Since the coils 16 wound around the pair of split bobbins 12 and 12 are connected by a crossover wire 16a having a desired length, the work of newly connecting the coils 16 becomes unnecessary. By obtaining the crossover line 16a having such a desired length, it is possible to facilitate the arrangement of the crossover line 16a after the pair of split bobbins 12, 12 are arranged in an annular shape. Therefore, it is possible to prevent the crossover line 16a from becoming longer than necessary, prevent the outer shape of the obtained stator 10 from becoming large, and obtain a relatively inexpensive stator 10.

Then, in the winding device 20 of the dividing member and the winding method thereof of the present invention, the main member holder 41 that supports and rotates one dividing member 12 and the auxiliary member holder that supports and rotates the other dividing member 12. Since the 51s are provided separately, it is possible to align the centers of gravity of the split members 12 supported by the primary and secondary member holders 41 and 51 on the rotation axes of the holders 41 and 51.

Then, the primary and secondary member holders 41 and 51 are rotated and wound together with the split member 12, respectively, but the primary and secondary member holders 41 and 51 are wound as compared with the conventional case in which the center of gravity of the split member 12 is not on the rotation axis. It is possible to significantly increase the rotation speed and shorten the time required for winding.

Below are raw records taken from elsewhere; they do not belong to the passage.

(* Let $X$ and $Q$ be defined as follows (indexed by layers $\ell\ge2$ and positions $0\le j\le n_\ell-1$, and ordered lexicographically in $(\ell,j)$, with $\vec q_0=\vec 0$ prepended to $Q$). Let $n_\ell:=\ell\lceil\ln^2\ell\rceil+1$, $\theta_\ell:=\frac{\pi}{2(n_\ell-1)}$, $\vec x_{\ell,j}:=(\cos(j\theta_\ell),\sin(j\theta_\ell))$ for even $\ell$ and $\vec x_{\ell,j}:=(\sin(j\theta_\ell),\cos(j\theta_\ell))$ for odd $\ell$. Let $\alpha:=\sum_{\ell=2}^\infty\frac1{\ell\ln^2\ell}$, $z_\ell:=\frac1\alpha\sum_{m=2}^\ell\frac1{m\ln^2 m}$ (so $z_1=0$), $\delta_\ell:=z_\ell-z_{\ell-1}=\frac{1}{\alpha\ell\ln^2\ell}$, $z_{\ell,j}:=1-\delta_\ell\cot((j+1)\theta_\ell)$ for $j<n_\ell-1$ and $z_{\ell,n_\ell-1}:=1$. For even $\ell$, $\vec q_{\ell,j}:=(z_\ell,z_{\ell,j})$; for odd $\ell$, $\vec q_{\ell,j}$ is any maximizer of $\vec x_{\ell,j}\cdot\vec q_{\ell',j'}$ over all $(\ell',j')$ with $\ell'<\ell$. Then $\mathrm{MenuGap}(X,Q)=\infty$.
   Context: MenuGap: Let $X=(\vec x_i)_{i=1}^N$ be an ordered sequence of nonzero points of $\mathbb{R}^k_{\ge0}$ ($N$ finite or $+\infty$), and $Q=(\vec q_i)_{i=0}^N$ an ordered sequence of points of $[0,1]^k$ with $\vec q_0=(0,\dots,0)$. Define $\mathrm{gap}_i^{X,Q}:=\min_{0\le j<i}(\vec q_i-\vec q_j)\cdot\vec x_i$ and $\mathrm{MenuGap}(X,Q):=\sum_{i=1}^N \mathrm{gap}_i^{X,Q}/\|\vec x_i\|_1$. *)

theory Defs
  imports "HOL-Analysis.Analysis"
begin

definition norm1 :: "real^'k \<Rightarrow> real" where
  "norm1 x = (\<Sum>i\<in>UNIV. \<bar>x $ i\<bar>)"

definition gap :: "(nat \<Rightarrow> real^'k) \<Rightarrow> (nat \<Rightarrow> real^'k) \<Rightarrow> nat \<Rightarrow> real" where
  "gap X Q i = Min {(Q i - Q j) \<bullet> X i | j. j < i}"

definition menugap_partial :: "(nat \<Rightarrow> real^'k) \<Rightarrow> (nat \<Rightarrow> real^'k) \<Rightarrow> nat \<Rightarrow> real" where
  "menugap_partial X Q N = (\<Sum>i\<in>{1..N}. gap X Q i / norm1 (X i))"

definition menugap_infinite :: "(nat \<Rightarrow> real^'k) \<Rightarrow> (nat \<Rightarrow> real^'k) \<Rightarrow> bool" where
  "menugap_infinite X Q \<longleftrightarrow> filterlim (menugap_partial X Q) at_top sequentially"

definition nl :: "nat \<Rightarrow> nat" where
  "nl l = l * nat \<lceil>(ln (real l))^2\<rceil> + 1"

definition theta :: "nat \<Rightarrow> real" where
  "theta l = pi / (2 * (real (nl l) - 1))"

definition xvec :: "nat \<Rightarrow> nat \<Rightarrow> real^2" where
  "xvec l j = (if even l then vector [cos (real j * theta l), sin (real j * theta l)]
               else vector [sin (real j * theta l), cos (real j * theta l)])"

definition alpha :: real where
  "alpha = (\<Sum>m. 1 / (real (m + 2) * (ln (real (m + 2)))^2))"

definition zl :: "nat \<Rightarrow> real" where
  "zl l = (1 / alpha) * (\<Sum>m\<in>{2..l}. 1 / (real m * (ln (real m))^2))"

definition delta :: "nat \<Rightarrow> real" where
  "delta l = 1 / (alpha * real l * (ln (real l))^2)"

definition zlj :: "nat \<Rightarrow> nat \<Rightarrow> real" where
  "zlj l j = (if j < nl l - 1 then 1 - delta l * cot (real (j + 1) * theta l) else 1)"

definition qeven :: "nat \<Rightarrow> nat \<Rightarrow> real^2" where
  "qeven l j = vector [zl l, zlj l j]"

text \<open>Position of (l,j) in the lexicographic order, counting from 1
  (index 0 is reserved for q_0 = 0).\<close>
definition pos :: "nat \<Rightarrow> nat \<Rightarrow> nat" where
  "pos l j = 1 + (\<Sum>m\<in>{2..<l}. nl m) + j"

end

theory Submission
  imports Defs
begin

Further, when the auxiliary member holder 51 facing the main member holder 41 is rotated, the auxiliary member holder 51 is rotated in the same direction and at the same speed in synchronization with the main member holder 41, so that the split member supported by the main member holder 41 is supported. The crossover line 16a generated between the 12 and the split member 12 supported by the sub-member holder 51 is prevented from being twisted, and if the sub-member holder 51 is made coaxial with the main member holder 41, the crossover line 16a swings. Such things can also be avoided.

Further, although the crossover line 16a spanned between the pair of split members 12 and 12 differs depending on the stator 10 to be obtained, the distance between the main member holder 41 and the sub-member holder 51 can be changed between the main member and the sub-movement. Since the devices 61 and 71 are provided, the length of the crossover line 16a formed between the pair of split bobbins 12 and 12 is desired by changing and adjusting the distance between the main member holder 41 and the sub member holder 51. Can be length. Then, in a state where winding is completed on both one and the other dividing members 12, 12 it is avoided that the crossover wire 16a becomes longer than necessary, and then the pair of dividing members 12, 12 are combined. It is also possible to prevent the outer shape of the stator 10 obtained by arranging them in an annular shape from becoming large.

Further, since a plurality of main and sub-member holders 41 and 51 are provided, they are rotated at the same time, and the wire rod 13 is simultaneously wound around the split member 12 supported by them, the wire rod 13 is wound around the plurality of split members 12 at the same time. Can be done. For example, as shown in this embodiment, if the winding is performed simultaneously on the six sets of dividing members 12 required for one stator 10 in one winding, the productivity of the stator 10 is significantly improved. Can be made to.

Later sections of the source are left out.